» Source records

(* Let $d\geq 1$ and let $\mu$ be a probability distribution on $Q_d$ such that $w_i^0>\frac12$ for every $i\in[d]$. If $(A,B)$ with $A,B\in Q_d$ is an equilibrium, then $A=B=\mathbf 0$. Consequently an equilibrium exists if and only if $(\mathbf 0,\mathbf 0)$ is an equilibrium, i.e. if and only if $P_1(X,\mathbf 0)\le \frac12$ for all $X\in Q_d$.
   Context: $Q_d=\{0,1\}^d$ with the Hamming distance $d(X,Y)=|\{i: x_i\neq y_i\}|$. A probability distribution on $Q_d$ is a function $\mu:Q_d\to\mathbb R_{\ge0}$ with $\sum_{V\in Q_d}\mu(V)=1$, extended to subsets by $\mu(\mathcal A)=\sum_{V\in\mathcal A}\mu(V)$. For $A,B\in Q_d$ let $V(A,B)=\{X\in Q_d: d(X,A)<d(X,B)\}$ and $T(A,B)=\{X\in Q_d: d(X,A)=d(X,B)\}$. The payoffs in position $(A,B)$ (Player 1 at $A$, Player 2 at $B$) are $P_1(A,B)=\mu(V(A,B))+\frac12\mu(T(A,B))$ and $P_2(A,B)=\mu(V(B,A))+\frac12\mu(T(A,B))$. The pair $(A,B)$ is an equilibrium if $P_1(A,B)\ge P_1(A',B)$ for all $A'\in Q_d$ and $P_2(A,B)\ge P_2(A,B')$ for all $B'\in Q_d$. For $i\in[d]$, $w_i^0=\mu(\{X\in Q_d: x_i=0\})$. $\mathbf 0=(0,\dots,0)$. *)

theory Defs
  imports Complex_Main
begin

text \<open>The hypercube Q_d: bit-vectors of length d, represented as boolean lists
  (True = 1, False = 0). Coordinates are indexed by 0..d-1.\<close>

definition cube :: "nat \<Rightarrow> bool list set" where
  "cube d = {xs. length xs = d}"

definition hamming :: "bool list \<Rightarrow> bool list \<Rightarrow> nat" where
  "hamming X Y = card {i. i < length X \<and> X ! i \<noteq> Y ! i}"

definition zero_vec :: "nat \<Rightarrow> bool list" where
  "zero_vec d = replicate d False"

definition is_distribution :: "nat \<Rightarrow> (bool list \<Rightarrow> real) \<Rightarrow> bool" where
  "is_distribution d \<mu> \<longleftrightarrow> (\<forall>V\<in>cube d. \<mu> V \<ge> 0) \<and> (\<Sum>V\<in>cube d. \<mu> V) = 1"

definition measure_of :: "(bool list \<Rightarrow> real) \<Rightarrow> bool list set \<Rightarrow> real" where
  "measure_of \<mu> S = (\<Sum>V\<in>S. \<mu> V)"

definition Vor :: "nat \<Rightarrow> bool list \<Rightarrow> bool list \<Rightarrow> bool list set" where
  "Vor d A B = {X\<in>cube d. hamming X A < hamming X B}"

definition Tie :: "nat \<Rightarrow> bool list \<Rightarrow> bool list \<Rightarrow> bool list set" where
  "Tie d A B = {X\<in>cube d. hamming X A = hamming X B}"

definition P1 :: "nat \<Rightarrow> (bool list \<Rightarrow> real) \<Rightarrow> bool list \<Rightarrow> bool list \<Rightarrow> real" where
  "P1 d \<mu> A B = measure_of \<mu> (Vor d A B) + measure_of \<mu> (Tie d A B) / 2"

definition P2 :: "nat \<Rightarrow> (bool list \<Rightarrow> real) \<Rightarrow> bool list \<Rightarrow> bool list \<Rightarrow> real" where
  "P2 d \<mu> A B = measure_of \<mu> (Vor d B A) + measure_of \<mu> (Tie d A B) / 2"

definition is_equilibrium :: "nat \<Rightarrow> (bool list \<Rightarrow> real) \<Rightarrow> bool list \<Rightarrow> bool list \<Rightarrow> bool" where
  "is_equilibrium d \<mu> A B \<longleftrightarrow>
     (\<forall>A'\<in>cube d. P1 d \<mu> A B \<ge> P1 d \<mu> A' B) \<and>
     (\<forall>B'\<in>cube d. P2 d \<mu> A B \<ge> P2 d \<mu> A B')"

definition w0 :: "nat \<Rightarrow> (bool list \<Rightarrow> real) \<Rightarrow> nat \<Rightarrow> real" where
  "w0 d \<mu> i = measure_of \<mu> {X\<in>cube d. X ! i = False}"

end

theory Submission
  imports Defs
begin

text \<open>Since the game is constant-sum with both players receiving 1/2 at any position (B, B),
  (A, B) is an equilibrium iff neither A nor B can be beaten, i.e. P1(X, A) \<le> 1/2 and
  P1(X, B) \<le> 1/2 for all X. If B has a 1 in coordinate i, then clearing that bit gives a position
  strictly closer than B to every X with x_i = 0 and strictly farther from every other X, so it
  wins exactly w_i^0 > 1/2 against B. Hence only the zero vector is unbeatable.\<close>

lemma finite_cube: "finite (cube d)"
proof -
  have "cube d = {xs. set xs \<subseteq> UNIV \<and> length xs = d}"
    by (auto simp: cube_def)
  then show ?thesis
    using finite_lists_length_eq[of "UNIV :: bool set" d] by simp
qed

lemma zero_vec_in_cube: "zero_vec d \<in> cube d"
  by (simp add: zero_vec_def cube_def)

lemma Tie_commute: "Tie d A B = Tie d B A"
  by (auto simp: Tie_def)

lemma P2_eq_P1_swap: "P2 d \<mu> A B = P1 d \<mu> B A"
  by (simp add: P1_def P2_def Tie_commute)

lemma P1_add_P1_swap:
  assumes "is_distribution d \<mu>"
  shows "P1 d \<mu> A B + P1 d \<mu> B A = 1"
proof -
  have fin: "finite (Vor d A B)" "finite (Vor d B A)" "finite (Tie d A B)"
    using finite_cube by (auto simp: Vor_def Tie_def)
  have "cube d = (Vor d A B \<union> Vor d B A) \<union> Tie d A B"
    by (auto simp: Vor_def Tie_def)
  also have "(\<Sum>V\<in>\<dots>. \<mu> V) = (\<Sum>V\<in>Vor d A B \<union> Vor d B A. \<mu> V) + (\<Sum>V\<in>Tie d A B. \<mu> V)"
    using fin by (intro sum.union_disjoint) (auto simp: Vor_def Tie_def)
  also have "(\<Sum>V\<in>Vor d A B \<union> Vor d B A. \<mu> V) = (\<Sum>V\<in>Vor d A B. \<mu> V) + (\<Sum>V\<in>Vor d B A. \<mu> V)"
    using fin by (intro sum.union_disjoint) (auto simp: Vor_def)
  finally have "(\<Sum>V\<in>cube d. \<mu> V)
      = (\<Sum>V\<in>Vor d A B. \<mu> V) + (\<Sum>V\<in>Vor d B A. \<mu> V) + (\<Sum>V\<in>Tie d A B. \<mu> V)" .
  then show ?thesis
    using assms by (simp add: P1_def Tie_commute[of d B A] is_distribution_def measure_of_def)
qed

lemma P1_self:
  assumes "is_distribution d \<mu>"
  shows "P1 d \<mu> B B = 1/2"
  using P1_add_P1_swap[OF assms, of B B] by simp

lemma is_equilibrium_iff_unbeatable:
  assumes "is_distribution d \<mu>" "A \<in> cube d" "B \<in> cube d"
  shows "is_equilibrium d \<mu> A B \<longleftrightarrow>
           (\<forall>X\<in>cube d. P1 d \<mu> X A \<le> 1/2) \<and> (\<forall>X\<in>cube d. P1 d \<mu> X B \<le> 1/2)"
proof
  assume eq: "is_equilibrium d \<mu> A B"
  then have "P1 d \<mu> A B \<ge> P1 d \<mu> B B" "P1 d \<mu> B A \<ge> P1 d \<mu> A A"
    using assms by (auto simp: is_equilibrium_def P2_eq_P1_swap)
  then have "P1 d \<mu> A B \<ge> 1/2" "P1 d \<mu> B A \<ge> 1/2"
    using P1_self[OF assms(1)] by simp_all
  then have "P1 d \<mu> A B = 1/2" "P1 d \<mu> B A = 1/2"
    using P1_add_P1_swap[OF assms(1), of A B] by linarith+
  then show "(\<forall>X\<in>cube d. P1 d \<mu> X A \<le> 1/2) \<and> (\<forall>X\<in>cube d. P1 d \<mu> X B \<le> 1/2)"
    using eq by (auto simp: is_equilibrium_def P2_eq_P1_swap)
next
  assume unbeaten: "(\<forall>X\<in>cube d. P1 d \<mu> X A \<le> 1/2) \<and> (\<forall>X\<in>cube d. P1 d \<mu> X B \<le> 1/2)"
  then have "P1 d \<mu> A B \<le> 1/2" "P1 d \<mu> B A \<le> 1/2"
    using assms(2,3) by simp_all
  then have "P1 d \<mu> A B = 1/2" "P1 d \<mu> B A = 1/2"
    using P1_add_P1_swap[OF assms(1), of A B] by linarith+
  then show "is_equilibrium d \<mu> A B"
    using unbeaten unfolding is_equilibrium_def P2_eq_P1_swap by auto
qed

lemma hamming_clear_bit:
  assumes "length X = length B" "i < length B" "B ! i"
  shows "\<not> X ! i \<Longrightarrow> hamming X B = Suc (hamming X (B[i := False]))"
    and "X ! i \<Longrightarrow> hamming X (B[i := False]) = Suc (hamming X B)"
proof -
  let ?D = "\<lambda>Y. {j. j < length X \<and> X ! j \<noteq> Y ! j}"
  have "?D B = insert i (?D (B[i := False]))" "i \<notin> ?D (B[i := False])" if "\<not> X ! i"
    using that assms by (auto simp: nth_list_update)
  then show "\<not> X ! i \<Longrightarrow> hamming X B = Suc (hamming X (B[i := False]))"
    by (simp add: hamming_def)
  have "?D (B[i := False]) = insert i (?D B)" "i \<notin> ?D B" if "X ! i"
    using that assms by (auto simp: nth_list_update)
  then show "X ! i \<Longrightarrow> hamming X (B[i := False]) = Suc (hamming X B)"
    by (simp add: hamming_def)
qed

lemma P1_clear_bit:
  assumes "length B = d" "i < d" "B ! i"
  shows "P1 d \<mu> (B[i := False]) B = w0 d \<mu> i"
proof -
  have "Vor d (B[i := False]) B = {X\<in>cube d. X ! i = False}"
    using hamming_clear_bit[of _ B i] assms
    by (fastforce simp: Vor_def cube_def)
  moreover have "Tie d (B[i := False]) B = {}"
    using hamming_clear_bit[of _ B i] assms
    by (fastforce simp: Tie_def cube_def)
  ultimately show ?thesis
    by (simp add: P1_def w0_def measure_of_def)
qed

lemma unbeatable_imp_zero_vec:
  assumes "\<forall>i<d. w0 d \<mu> i > 1/2" "B \<in> cube d"
    and unbeaten: "\<forall>X\<in>cube d. P1 d \<mu> X B \<le> 1/2"
  shows "B = zero_vec d"
proof (rule ccontr)
  assume "B \<noteq> zero_vec d"
  then obtain i where i: "i < d" "B ! i"
    using \<open>B \<in> cube d\<close> by (auto simp: cube_def zero_vec_def intro!: nth_equalityI)
  have "length B = d"
    using \<open>B \<in> cube d\<close> by (simp add: cube_def)
  then have "P1 d \<mu> (B[i := False]) B \<le> 1/2"
    using unbeaten by (simp add: cube_def)
  then show False
    using P1_clear_bit[OF \<open>length B = d\<close> i] assms(1) i by force
qed

theorem mainTheorem1:
  fixes d :: nat and \<mu> :: "bool list \<Rightarrow> real"
  assumes "d \<ge> 1"
    and "is_distribution d \<mu>"
    and "\<forall>i<d. w0 d \<mu> i > 1/2"
  shows "(\<forall>A\<in>cube d. \<forall>B\<in>cube d. is_equilibrium d \<mu> A B \<longrightarrow>
            A = zero_vec d \<and> B = zero_vec d)
       \<and> ((\<exists>A\<in>cube d. \<exists>B\<in>cube d. is_equilibrium d \<mu> A B)
            \<longleftrightarrow> is_equilibrium d \<mu> (zero_vec d) (zero_vec d))
       \<and> (is_equilibrium d \<mu> (zero_vec d) (zero_vec d)
            \<longleftrightarrow> (\<forall>X\<in>cube d. P1 d \<mu> X (zero_vec d) \<le> 1/2))"
proof -
  have only_zero: "\<forall>A\<in>cube d. \<forall>B\<in>cube d. is_equilibrium d \<mu> A B \<longrightarrow>
                     A = zero_vec d \<and> B = zero_vec d"
    using is_equilibrium_iff_unbeatable[OF assms(2)] unbeatable_imp_zero_vec[OF assms(3)]
    by blast
  then show ?thesis
    using is_equilibrium_iff_unbeatable[OF assms(2) zero_vec_in_cube zero_vec_in_cube]
      zero_vec_in_cube by blast
qed

end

» Problem
Within the records above, each line containing "lemma" is to be returned.

» Response to the task
lemma finite_cube: "finite (cube d)"
lemma zero_vec_in_cube: "zero_vec d \<in> cube d"
lemma Tie_commute: "Tie d A B = Tie d B A"
lemma P2_eq_P1_swap: "P2 d \<mu> A B = P1 d \<mu> B A"
lemma P1_add_P1_swap:
lemma P1_self:
lemma is_equilibrium_iff_unbeatable:
lemma hamming_clear_bit:
lemma P1_clear_bit:
lemma unbeatable_imp_zero_vec:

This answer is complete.